[Data items]
definition admissible :: "(nat \<Rightarrow> 'L) set \<Rightarrow> bool" where
  "admissible M \<longleftrightarrow> lattice n OL M \<and> Mc k \<subseteq> M \<and> M \<subseteq> Mc l \<and> vsc \<pi> ` M \<subseteq> Mc k \<and>
     olength OL (Mc k) M = 1"

definition in_fibre :: "(int \<Rightarrow> (nat \<Rightarrow> 'L) set) \<Rightarrow> bool" where
  "in_fibre N \<longleftrightarrow> N \<in> XG n OL \<pi> B Ibar \<and> restrict_chain J N = Mc"

lemma in_fibreD:
  assumes "in_fibre N"
  shows "\<And>i. i \<notin> I \<Longrightarrow> N i = {}" "\<And>i. i \<in> I \<Longrightarrow> lattice n OL (N i)"
    "\<And>i i'. i \<in> I \<Longrightarrow> i' \<in> I \<Longrightarrow> i < i' \<Longrightarrow> N i \<subseteq> N i' \<and> olength OL (N i) (N i') = nat (i' - i)"
    "\<forall>i\<in>I. N (i + period) = vsc (inverse \<pi>) ` N i"
    "\<exists>d::int. \<forall>i\<in>I. dual (N i) = N (- i + period * d)"
  using assms unfolding in_fibre_def XG_def Let_def by auto

lemma in_fibre_on_J:
  assumes "in_fibre N" "i \<in> J"
  shows "N i = Mc i"
proof -
  have "restrict_chain J N i = Mc i" using assms(1) unfolding in_fibre_def by simp
  then show ?thesis using assms(2) by (simp add: restrict_chain_def)
qed

lemma Suc_k_in_I: "k + 1 \<in> I"
  using I_iff[of "k + 1"] by (metis add_0_right mult_zero_right)

lemma k_dual_in_I: "k_dual \<in> I"
  using I_iff[of k_dual] by (metis add_0_right mult_zero_right)

lemma in_fibre_admissible:
  assumes N: "in_fibre N"
  shows "admissible (N (k + 1))"
proof -
  have kI: "k \<in> I" and lI: "l \<in> I" using J_subset_I k_in_J l_in_J by auto
  have Nk: "N k = Mc k" and Nl: "N l = Mc l" using in_fibre_on_J[OF N] k_in_J l_in_J by auto
  have lat: "lattice n OL (N (k + 1))" using in_fibreD(2)[OF N Suc_k_in_I] .
  have low: "Mc k \<subseteq> N (k + 1)" "olength OL (Mc k) (N (k + 1)) = 1"
    using in_fibreD(3)[OF N kI Suc_k_in_I] Nk by simp_all
  have "N (k + 1) \<subseteq> Mc l"
    using in_fibreD(3)[OF N Suc_k_in_I lI] k_plus_2_le_l Nl by simp
  moreover have "vsc \<pi> ` N (k + 1) \<subseteq> Mc k"
    using length_one_pi_subset[OF Mc_k_lattice lat low] .
  ultimately show ?thesis unfolding admissible_def using lat low by simp
qed

lemma in_fibre_selfdual:
  assumes N: "in_fibre N"
  shows "\<forall>i\<in>I. dual (N i) = N (dual_index i)"
proof -
  obtain d' where d': "\<forall>i\<in>I. dual (N i) = N (- i + period * d')" using in_fibreD(5)[OF N] by blast
  have kI: "k \<in> I" using J_subset_I k_in_J by auto
  have shifted: "- k + period * d' = dual_index k + period * (d' - d)"
    unfolding dual_index_def by (simp add: algebra_simps)
  have mem: "dual_index k + period * (d' - d) \<in> J" using invimg_shift[OF dual_index_in_J[OF k_in_J]] .
  have "Mc (dual_index k) = dual (N k)" using Mc_dual[OF k_in_J] in_fibre_on_J[OF N k_in_J] by simp
  also have "\<dots> = N (- k + period * d')" using d' kI by blast
  also have "\<dots> = Mc (dual_index k + period * (d' - d))" using shifted in_fibre_on_J[OF N mem] by simp
  finally have "d' - d = 0" using Mc_shift_eq_imp[OF dual_index_in_J[OF k_in_J]] by metis
  then show ?thesis using d' unfolding dual_index_def by simp
qed

lemma in_fibre_pscale:
  assumes "in_fibre N" "i \<in> I"
  shows "N (i + period * t) = pscale t (N i)"
  using pscale_periodic[of I N i t] invimg_shift in_fibreD(4)[OF assms(1)] assms(2) by blast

> _Goal of the exercise_: After locating the line holding "N Suc_k_in_I] ." above, output exactly that line and every line after it through the line holding "obtain d' where". Include nothing else.

> _Result of the exercise_:
  have lat: "lattice n OL (N (k + 1))" using in_fibreD(2)[OF N Suc_k_in_I] .
  have low: "Mc k \<subseteq> N (k + 1)" "olength OL (Mc k) (N (k + 1)) = 1"
    using in_fibreD(3)[OF N kI Suc_k_in_I] Nk by simp_all
  have "N (k + 1) \<subseteq> Mc l"
    using in_fibreD(3)[OF N Suc_k_in_I lI] k_plus_2_le_l Nl by simp
  moreover have "vsc \<pi> ` N (k + 1) \<subseteq> Mc k"
    using length_one_pi_subset[OF Mc_k_lattice lat low] .
  ultimately show ?thesis unfolding admissible_def using lat low by simp
qed

lemma in_fibre_selfdual:
  assumes N: "in_fibre N"
  shows "\<forall>i\<in>I. dual (N i) = N (dual_index i)"
proof -
  obtain d' where d': "\<forall>i\<in>I. dual (N i) = N (- i + period * d')" using in_fibreD(5)[OF N] by blast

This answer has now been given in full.